Saturday, February 7, 2009

Setting Up Goal for Your SEO Strategy

One of the greatest failings of many SEO plans, like all technology plans, is the lack of a clearly defined goal. The goal for your SEO plan should be built around your business needs, and it’s not something every business requires. Most likely, the fundamental goal of your business, when you get down to the bottom of it, is to make money by selling a product or service.

If you have a larger business, say a web site that sells custom-made silk-flower arrangements, one way to increase your business (some estimate by more than 50 percent) is to invest time, money, and considerable effort into optimizing your site for search. Just don’t do it without a goal in mind. However, there may be nuances to even such a straightforward goal as this. And there are a whole host of other possible goals and sub-goals that your business is likely to have.
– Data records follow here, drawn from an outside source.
(* Let $\mathcal{M}\subseteq\mathbb{S}^n$ be a finite union of compact sets, $\mathcal{M}=\bigcup_{i=1}^k\mathcal{M}_i$. Suppose that for all nonzero $X\in\mathbb{S}^n_+$ and all $i\in\{1,\dots,k\}$, if $\langle M_i,X\rangle=0$ for some $M_i\in\mathcal{M}_i$, then $\langle M,X\rangle>0$ for all $M\in\mathcal{M}\setminus\mathcal{M}_i$. Then $\mathcal{S}(\mathcal{M})$ is rank-one generated if and only if $\mathcal{S}(\mathcal{M}_i)$ is rank-one generated for all $i\in\{1,\dots,k\}$.
   Context: $\mathbb{S}^n$ denotes real symmetric $n\times n$ matrices with $\langle A,B\rangle=\mathrm{tr}(AB)$, $\mathbb{S}^n_+$ the PSD cone. For $\mathcal{M}\subseteq\mathbb{S}^n$, $\mathcal{S}(\mathcal{M})=\{X\in\mathbb{S}^n_+:\langle M,X\rangle\ge0\ \forall M\in\mathcal{M}\}$. A closed convex cone $\mathcal{S}\subseteq\mathbb{S}^n_+$ is rank-one generated (ROG) if $\mathcal{S}=\mathrm{conv}(\mathcal{S}\cap\{xx^\top:x\in\mathbb{R}^n\})$. *)

theory Defs
  imports "HOL-Analysis.Analysis"
begin

definition sym_mat :: "real^'n^'n \<Rightarrow> bool" where
  "sym_mat A \<longleftrightarrow> transpose A = A"

definition symmats :: "(real^'n^'n) set" where
  "symmats = {A. sym_mat A}"

definition mtrace :: "real^'n^'n \<Rightarrow> real" where
  "mtrace A = (\<Sum>i\<in>UNIV. A $ i $ i)"

definition frob :: "real^'n^'n \<Rightarrow> real^'n^'n \<Rightarrow> real" where
  "frob A B = mtrace (A ** B)"

definition psd_cone :: "(real^'n^'n) set" where
  "psd_cone = {X. sym_mat X \<and> (\<forall>x. x \<bullet> (X *v x) \<ge> 0)}"

definition SM :: "(real^'n^'n) set \<Rightarrow> (real^'n^'n) set" where
  "SM \<M> = {X \<in> psd_cone. \<forall>M\<in>\<M>. frob M X \<ge> 0}"

definition outer :: "real^'n \<Rightarrow> real^'n^'n" where
  "outer x = (\<chi> i j. x $ i * x $ j)"

definition ROG :: "(real^'n^'n) set \<Rightarrow> bool" where
  "ROG S \<longleftrightarrow> S = convex hull (S \<inter> range outer)"

end

theory Submission
  imports Defs
begin

text \<open>
  A closed convex cone K of positive semidefinite matrices is rank-one generated iff every extreme
  point of its compact slice {X \<in> K. tr X = 1} has rank one (Krein-Milman). Let X be such an
  extreme point, for S(M_i) or for S(M). If some M \<in> M_i satisfies <M,X> = 0, the separation
  hypothesis puts the whole face {Y : <M,Y> = 0} of the slice of S(M_i) inside S(M), so X is
  extreme in the one slice iff it is extreme in the other. Otherwise every constraint of the compact
  family is strict at X, hence strict near X, so X is already extreme in the slice of the PSD cone;
  that slice is the convex hull of the trace-one matrices x x^T.
\<close>

section \<open>Cones, slices and extreme points\<close>

lemma conic_convex_hull:
  assumes "conic S"
  shows "conic (convex hull S)"
  unfolding conic_def
proof (intro allI impI)
  fix x and c :: real
  assume "x \<in> convex hull S" "0 \<le> c"
  then have "c *\<^sub>R x \<in> convex hull ((\<lambda>x. c *\<^sub>R x) ` S)"
    unfolding convex_hull_scaling by blast
  also have "\<dots> \<subseteq> convex hull S"
    using assms \<open>0 \<le> c\<close> by (intro hull_mono) (auto simp: conic_def)
  finally show "c *\<^sub>R x \<in> convex hull S" .
qed
(* Let $(\Psi_d)_d$ be a constraint structure that is both a meet and a lift constraint structure, let $(\le,\wedge,P)$ be a decent triple on it, and let $(R^d)_d$ be a constraint-refining predicate that relates to a constraint-producing predicate $(\models^d)_d$. If $\vdash^{d}\Gamma\to\sigma'$ is derivable in DI, then for every $\sigma\in\Psi_d$ such that $P(\sigma\wedge\sigma')$, there exists $\sigma''\in\Psi_d$ such that $\sigma''\simeq\sigma\wedge\sigma'$ and $\sigma\to\vdash^{d}\Gamma\to\sigma''$ is derivable in SDI.
   Context: Formulas are first-order formulas in negation normal form, built from literals using $\wedge,\vee,\forall,\exists$. Eigenvariables (written $\bar x$) and meta-variables (written $X$) are two disjoint infinite supplies of variables. Domains: there is an initial domain $d_0$; for a domain $d$ and an eigenvariable $\bar x$ (resp. meta-variable $X$) not declared in $d$, $d;\bar x$ (resp. $d;X$) is a domain declaring additionally $\bar x$ (resp. $X$); all domains arise this way. A formula of domain $d$ is one whose free variables are eigenvariables or meta-variables declared in $d$; a context of domain $d$ is a finite multiset of formulas of domain $d$; $\Gamma_{lit}$ is the set of literals that are elements of $\Gamma$. A constraint structure consists of a set $\Psi_d$ for each domain $d$, with $\Psi_{d;\bar x}=\Psi_d$, and projection maps $\Psi_{d;X}\to\Psi_d$, $\sigma\mapsto\sigma_\downarrow$; a meet constraint structure additionally has a binary operation $\wedge$ on each $\Psi_d$; a lift constraint structure additionally has maps $\Psi_d\to\Psi_{d;X}$, $\sigma\mapsto\sigma^\uparrow$. A triple $(\le,\wedge,P)$, where $\le$ is a family of preorders on the $\Psi_d$, $\wedge$ the meet operations, and $P$ a family of predicates on the $\Psi_d$, is decent if, writing $\simeq$ for the equivalence relation generated by $\le$: (D1) for all $\sigma,\sigma'\in\Psi_d$, $\sigma\wedge\sigma'$ is a greatest lower bound of $\sigma,\sigma'$ for $\le$; (D2) for all $\sigma\in\Psi_d$ and $\sigma',\sigma''\in\Psi_{d;X}$, $\sigma''\simeq\sigma^\uparrow\wedge\sigma'$ implies $\sigma''_\downarrow\simeq\sigma\wedge\sigma'_\downarrow$; (P1) for all $\sigma\in\Psi_{d;X}$, $P(\sigma)\iff P(\sigma_\downarrow)$; (P2) for all $\sigma,\sigma'\in\Psi_d$, $P(\sigma)$ and $\sigma\le\sigma'$ imply $P(\sigma')$. A constraint-producing predicate is a family of relations $\mathcal A\models^d\sigma$ between sets $\mathcal A$ of literals of domain $d$ and $\sigma\in\Psi_d$. A constraint-refining predicate is a family of relations $R^d(\sigma,\mathcal A,\sigma')$ between sets $\mathcal A$ of literals of domain $d$ and pairs $\sigma,\sigma'\in\Psi_d$. It relates to $(\models^d)_d$ if for all $d$, all sets $\mathcal A$ of literals of domain $d$ and all $\sigma\in\Psi_d$: (A1) for all $\sigma'\in\Psi_d$, $R^d(\sigma,\mathcal A,\sigma')$ implies there is $\sigma''\in\Psi_d$ with $\sigma'\simeq\sigma\wedge\sigma''$, $P(\sigma\wedge\sigma'')$ and $\mathcal A\models^d\sigma''$; (A2) for all $\sigma'\in\Psi_d$, if $P(\sigma\wedge\sigma')$ and $\mathcal A\models^d\sigma'$ then there is $\sigma''\in\Psi_d$ with $\sigma''\simeq\sigma\wedge\sigma'$ and $R^d(\sigma,\mathcal A,\sigma'')$. System DI derives $\vdash^d\Gamma\to\sigma$ ($\Gamma$, $\sigma$ of domain $d$) by: $\vdash^d\Gamma\to\sigma$ if $\Gamma_{lit}\models^d\sigma$; from $\vdash^d\Gamma,A\to\sigma$ and $\vdash^d\Gamma,B\to\sigma'$ infer $\vdash^d\Gamma,A\wedge B\to\sigma\wedge\sigma'$; from $\vdash^d\Gamma,A,B\to\sigma$ infer $\vdash^d\Gamma,A\vee B\to\sigma$; from $\vdash^{d;X}\Gamma,A[x:=X],\exists xA\to\sigma$ ($X$ fresh meta-variable) infer $\vdash^d\Gamma,\exists xA\to\sigma_\downarrow$; from $\vdash^{d;\bar x}\Gamma,A[x:=\bar x]\to\sigma$ ($\bar x$ fresh eigenvariable) infer $\vdash^d\Gamma,\forall xA\to\sigma$. System SDI derives $\sigma\to\vdash^d\Gamma\to\sigma'$ ($\Gamma,\sigma,\sigma'$ of domain $d$) by: $\sigma\to\vdash^d\Gamma\to\sigma'$ if $R^d(\sigma,\Gamma_{lit},\sigma')$; from $\sigma\to\vdash^d\Gamma,A,B\to\sigma'$ infer $\sigma\to\vdash^d\Gamma,A\vee B\to\sigma'$; for $i\in\{0,1\}$, from $\sigma\to\vdash^d\Gamma,A_i\to\sigma''$ and $\sigma''\to\vdash^d\Gamma,A_{1-i}\to\sigma'$ infer $\sigma\to\vdash^d\Gamma,A_0\wedge A_1\to\sigma'$; from $\sigma^\uparrow\to\vdash^{d;X}\Gamma,A[x:=X],\exists xA\to\sigma'$ ($X$ fresh meta-variable) infer $\sigma\to\vdash^d\Gamma,\exists xA\to\sigma'_\downarrow$; from $\sigma\to\vdash^{d;\bar x}\Gamma,A[x:=\bar x]\to\sigma'$ ($\bar x$ fresh eigenvariable) infer $\sigma\to\vdash^d\Gamma,\forall xA\to\sigma'$. *)

theory Defs
  imports Main "HOL-Library.Multiset"
begin
lemma gap_ergodic_average_le_regularized:
  assumes mono: "monotone_op X F" and \<eta>: "0 \<le> \<eta>" and y: "\<And>j. y j \<in> X"
    and lam: "0 < lam_lo" "\<And>j. lam_lo \<le> lam j" and K: "0 < K" and R: "0 \<le> R"
    and H: "\<And>z. z \<in> X \<Longrightarrow> norm (H z) \<le> C"
    and diam: "\<And>a b. a \<in> X \<Longrightarrow> b \<in> X \<Longrightarrow> norm (a - b) \<le> D"
    and regret: "\<And>u. u \<in> X \<Longrightarrow> 2 * (\<Sum>j<K. lam j * inner (F (y j) + \<eta> *\<^sub>R H (y j)) (y j - u)) \<le> R"
  shows "gap (ergodic_average lam y K) F X \<le> (1 / real K) * (R / (2 * lam_lo)) + \<eta> * (C * D)"
proof -
  have lam_nonneg: "0 \<le> lam j" for j
    using lam(1) lam(2)[of j] by linarith
  have "(\<Sum>j<K. lam j * inner (F u) (y j - u)) \<le> R / 2 + (\<Sum>j<K. lam j) * (\<eta> * (C * D))"
    if u: "u \<in> X" for u
  proof -
    have "lam j * inner (F u) (y j - u)
        \<le> lam j * inner (F (y j) + \<eta> *\<^sub>R H (y j)) (y j - u) + lam j * (\<eta> * (C * D))" for j
    proof -
      have "norm (H (y j)) * norm (y j - u) \<le> C * D"
        using H[OF y] diam[OF y u] by (intro mult_mono) (auto intro: order_trans[OF norm_ge_zero])
      then show ?thesis
        using monotone_inner_le_regularized[OF mono u y \<eta>] lam_nonneg
        by (metis distrib_left mult_left_mono)
    qed
    then have "(\<Sum>j<K. lam j * inner (F u) (y j - u))
        \<le> (\<Sum>j<K. lam j * inner (F (y j) + \<eta> *\<^sub>R H (y j)) (y j - u) + lam j * (\<eta> * (C * D)))"
      by (rule sum_mono)
    also have "\<dots> \<le> R / 2 + (\<Sum>j<K. lam j) * (\<eta> * (C * D))"
      using regret[OF u] by (simp add: sum.distrib flip: sum_distrib_right)
    finally show ?thesis .
  qed
  then have "gap (ergodic_average lam y K) F X \<le> R / 2 / (real K * lam_lo) + \<eta> * (C * D)"
    using y R by (intro gap_ergodic_average_le[OF _ K lam]) auto
  then show ?thesis
    by simp
qed

lemma gap_VI_sol_ge_of_weakly_sharp:
  fixes F H :: "'a::{real_inner,heine_borel} \<Rightarrow> 'a"
  assumes ws: "weakly_sharp F X (VI_sol F X) \<sigma> M" and \<sigma>: "0 < \<sigma>" and M: "0 < M"
    and X: "compact X" "continuous_on X F" "continuous_on X H" and Q: "VI_sol F X \<noteq> {}"
    and B: "\<And>u. u \<in> VI_sol F X \<Longrightarrow> norm (H u) \<le> B"
    and z: "z \<in> X" and gap: "gap z F X \<le> b"
  shows "- (B / \<sigma> powr (1 / M)) * b powr (1 / M) \<le> gap z H (VI_sol F X)"
proof -
  have "0 \<le> B"
    using B Q by (meson all_not_in_conv norm_ge_zero order_trans)
  moreover have "infdist z (VI_sol F X) \<le> b powr (1 / M) / \<sigma> powr (1 / M)"
    by (rule infdist_le_of_weakly_sharp[OF ws \<sigma> M Q VI_sol_subset X(1,2) z gap])
  ultimately have "B * infdist z (VI_sol F X) \<le> B * (b powr (1 / M) / \<sigma> powr (1 / M))"
    by (rule mult_left_mono[rotated])
  then have "- (B / \<sigma> powr (1 / M)) * b powr (1 / M) \<le> - B * infdist z (VI_sol F X)"
    by simp
  also have "\<dots> \<le> gap z H (VI_sol F X)"
    using compact_VI_sol[OF X(1,2)] Q continuous_on_subset[OF X(3) VI_sol_subset] B
    by (rule gap_ge_neg_infdist)
  finally show ?thesis .
qed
Perhaps yours is a large company with branding as an important long-term goal. Maybe your company wants to make money with certain products but is willing to take a loss in other areas. Maybe you are starting up with investor backing and do not need to turn a profit for years. Perhaps you are a nonprofit, with a goal to improve the world and inspire others to do the same. Whatever way you’re leaning, your business goals will affect your SEO campaign strategy.

In the case of a web site, one goal might be to increase the amount of traffic your web site receives. Another might be to increase your exposure to potential customers outside your geographic region. Those are both good reasons to implement an SEO plan. One other reason you might consider investing in SEO is to increase your revenues, which you can do by funneling site visitors through a sales transaction while they are visiting your web site. SEO can help with that, too. So before you even begin to put together an SEO plan, the first thing you need to do is determine what goal you want to achieve with that plan. Be sure it is a well-articulated and specifically defined goal, too. The more specific, the closer you will come to hitting it.

For example, a goal to “increase web site traffic” is far too broad. Of course you want to increase your web site traffic. That’s the overarching goal of any SEO plan. However, if you change that goal to “increase the number of visitors who complete a transaction of at least $25,” you are much more likely to implement the SEO that will indeed help you reach that goal.

Make sure the goal is specific and attainable. Otherwise, it’s very easy to become unfocused with your SEO efforts. In some cases, you can spend all your time chasing SEO and never accomplish anything. Search engines regularly change the criteria for ranking sites. They started doing this when internal, incoming, and external links became a factor in SEO. Suddenly, every webmaster was rushing to add as many additional links as possible, and often those links were completely unrelated to the site. There was a sudden and often meaningless rise in page links. It wasn’t long before the linking criteria had to be qualified with additional requirements.

In addition to well-focused goals, you should also consider how your SEO goals align with your business goals. Business goals should be the overall theme for everything you do with your web site, and if your SEO goals are not created with the intent of furthering those business goals, you’ll find the SEO goals ultimately fail. Be sure that any goal you set for optimizing your site for search is a goal that works well within the parameters that are set by your overall business goals.

Finally, remain flexible at all times. Get a goal, or even a set of goals. And hold tightly to them. Just don’t hold so tightly that the goals get in the way of performing great SEO activities. SEO goals and plans, like any others, must be flexible and must grow with your organization. For this reason, it’s always a good idea to review your SEO goals and plans periodically — at least every six months, and quarterly is much better.